=== Section Start ===

lemma unit_triangle_equilateral_apex:
  assumes "unit_triangle a b z"
  shows "\<exists>s. z = equilateral_apex a b s"
proof -
  define d1 where "d1 = b$1 - a$1"
  define d2 where "d2 = b$2 - a$2"
  define u1 where "u1 = z$1 - (a$1 + b$1)/2"
  define u2 where "u2 = z$2 - (a$2 + b$2)/2"
  have ab: "(a$1 - b$1)^2 + (a$2 - b$2)^2 = 1" and az: "(a$1 - z$1)^2 + (a$2 - z$2)^2 = 1"
    and bz: "(b$1 - z$1)^2 + (b$2 - z$2)^2 = 1"
    using assms by (simp_all add: unit_triangle_def dist_vec2)
  have dd: "d1^2 + d2^2 = 1"
    using ab unfolding d1_def d2_def by (simp add: power2_commute)
  have ud: "u1 * d1 + u2 * d2 = 0"
    using az bz unfolding u1_def u2_def d1_def d2_def by algebra
  have uu: "u1^2 + u2^2 = 3/4"
    using ab az bz unfolding u1_def u2_def by algebra
  \<comment> \<open>\<open>u\<close> is orthogonal to the unit vector \<open>d\<close>, hence \<open>u = c\<cdot>(-d2, d1)\<close> with \<open>c\<^sup>2 = 3/4\<close>.\<close>
  define c where "c = u2 * d1 - u1 * d2"
  have u1: "u1 = - c * d2" and u2: "u2 = c * d1"
    using dd ud unfolding c_def by algebra+
  have "c^2 = (sqrt 3 / 2)^2"
    using dd ud uu unfolding c_def by (simp add: power_divide) algebra
  then obtain s where "c = (if s then sqrt 3 / 2 else - (sqrt 3 / 2))"
    by (metis power2_eq_iff)
  then have "z = equilateral_apex a b s"
    using u1 u2 unfolding equilateral_apex_def Let_def u1_def u2_def d1_def d2_def
    by (simp add: vec_eq_iff forall_2 algebra_simps)
  then show ?thesis
    by blast
qed

lemma unit_triangle_completions_subset:
  "unit_triangle_completions X \<subseteq> (\<lambda>(a, b, s). equilateral_apex a b s) ` (X \<times> X \<times> UNIV)"
  unfolding unit_triangle_completions_def
  by (force dest: unit_triangle_equilateral_apex)

lemma ex_unit_triangle: "\<exists>a b c :: real^2. unit_triangle a b c"
proof -
  have s3: "(sqrt 3 / 2)^2 = (3/4::real)"
    by (simp add: power_divide)
  have "dist (vector [0, 0]) (vector [1, 0] :: real^2) = 1"
    by (simp add: dist_vec2)
  moreover have "dist (vector [0, 0]) (vector [1/2, sqrt 3 / 2] :: real^2) = 1"
    by (simp add: dist_vec2 s3 power_divide)
  moreover have "(1 - 1/2)^2 + (0 - sqrt 3 / 2)^2 = (1::real)"
    using s3 by (simp add: power2_eq_square)
  then have "dist (vector [1, 0]) (vector [1/2, sqrt 3 / 2] :: real^2) = 1"
    by (simp add: dist_vec2)
  ultimately show ?thesis
    unfolding unit_triangle_def by blast
qed

lemma not_three_I_covering_if_no_unit_triangle:
  assumes "\<forall>a\<in>B. \<forall>b\<in>B. \<forall>c\<in>B. \<not> unit_triangle a b c"
  shows "\<not> three_I_covering B"
proof
  assume "three_I_covering B"
  obtain a b c :: "real^2" where abc: "unit_triangle a b c"
    using ex_unit_triangle by blast
  then have "card {a, b, c} = 3"
    by (auto simp: unit_triangle_def card_insert_if)
  then obtain \<phi> where \<phi>: "plane_isometry \<phi>" "\<phi> ` {a, b, c} \<subseteq> B"
    using \<open>three_I_covering B\<close> unfolding three_I_covering_def by blast
  then have "unit_triangle (\<phi> a) (\<phi> b) (\<phi> c)"
    using abc by (simp add: plane_isometry_def unit_triangle_def)
  then show False
    using assms \<phi>(2) by blast
qed

section \<open>Bernstein sets without unit equilateral triangles\<close>

lemma lepoll_iff_card_of_ordLeq: "A \<lesssim> B \<longleftrightarrow> |A| \<le>o |B|"
  by (simp add: lepoll_def card_of_ordLeq[symmetric])

lemma finite_card_of_ordLess_infinite:
  "finite A \<Longrightarrow> \<not> finite C \<Longrightarrow> |A| <o |C|"
  by (rule finite_ordLess_infinite[OF card_of_Well_order card_of_Well_order]) (simp_all add: Field_card_of)

lemma card_of_Times_ordLess_infinite:
  assumes "\<not> finite C" and "|A| <o |C|" and "|B| <o |C|"
  shows "|A \<times> B| <o |C|"
proof (cases "finite A \<and> finite B")
  case True
  then show ?thesis
    using assms(1) by (intro finite_card_of_ordLess_infinite finite_cartesian_product) auto
next
  case False
  consider "|B| \<le>o |A|" | "|A| \<le>o |B|"
    using ordLeq_total[OF card_of_Well_order card_of_Well_order, of B A] by blast
  then show ?thesis
  proof cases
    case 1
    then have "\<not> finite A"
      using False card_of_ordLeq_finite by blast
    have "|A \<times> B| \<le>o |A \<times> A|"
      using 1 by (rule card_of_Times_mono2)
    moreover have "|A \<times> A| =o |A|"
      using \<open>\<not> finite A\<close> by (rule card_of_Times_same_infinite)
    ultimately show ?thesis
      using assms(2) ordLeq_ordIso_trans ordLeq_ordLess_trans by blast
  next
    case 2
    then have "\<not> finite B"
      using False card_of_ordLeq_finite by blast
    have "|A \<times> B| \<le>o |B \<times> B|"
      using 2 by (rule card_of_Times_mono1)
    moreover have "|B \<times> B| =o |B|"
      using \<open>\<not> finite B\<close> by (rule card_of_Times_same_infinite)
    ultimately show ?thesis
      using assms(3) ordLeq_ordIso_trans ordLeq_ordLess_trans by blast
  qed
qed

lemma exists_outside_small_set:
  assumes "|C| \<le>o |F|" and "|S| <o |C|"
  obtains x where "x \<in> F" "x \<notin> S"
  using assms card_of_mono1 not_ordLess_ordLeq ordLeq_ordLess_trans subsetI by metis

lemma card_of_image_underS_ordLess:
  assumes "F \<in> \<F>" and "|\<F>| \<le>o |C|"
  shows "|f ` underS |\<F>| F| <o |C|"
proof -
  have "|underS |\<F>| F| <o |\<F>|"
    using assms(1) card_of_underS[OF card_of_Card_order] by (simp add: Field_card_of)
  then show ?thesis
    using assms(2) card_of_image ordLess_ordLeq_trans ordLeq_ordLess_trans by metis
qed

lemma card_of_unit_triangle_completions_ordLess:
  fixes X :: "(real^2) set"
  assumes "\<not> finite C" and "|X| <o |C|"
  shows "|unit_triangle_completions X| <o |C|"
proof -
  have "|UNIV::bool set| <o |C|"
    using assms(1) by (intro finite_card_of_ordLess_infinite) auto
  then have "|X \<times> X \<times> (UNIV::bool set)| <o |C|"
    using assms by (intro card_of_Times_ordLess_infinite)
  moreover have "|unit_triangle_completions X| \<le>o |X \<times> X \<times> (UNIV::bool set)|"
    by (rule ordLeq_transitive[OF card_of_mono1[OF unit_triangle_completions_subset] card_of_image])
  ultimately show ?thesis
    using ordLeq_ordLess_trans by blast
qed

=== Section End ===

> _EXERCISE DESCRIPTION_:
Find the word "UNIV" in the data and show each line that holds it.

> _EXPECTED ANSWER_:
  "unit_triangle_completions X \<subseteq> (\<lambda>(a, b, s). equilateral_apex a b s) ` (X \<times> X \<times> UNIV)"
  have "|UNIV::bool set| <o |C|"
  then have "|X \<times> X \<times> (UNIV::bool set)| <o |C|"
  moreover have "|unit_triangle_completions X| \<le>o |X \<times> X \<times> (UNIV::bool set)|"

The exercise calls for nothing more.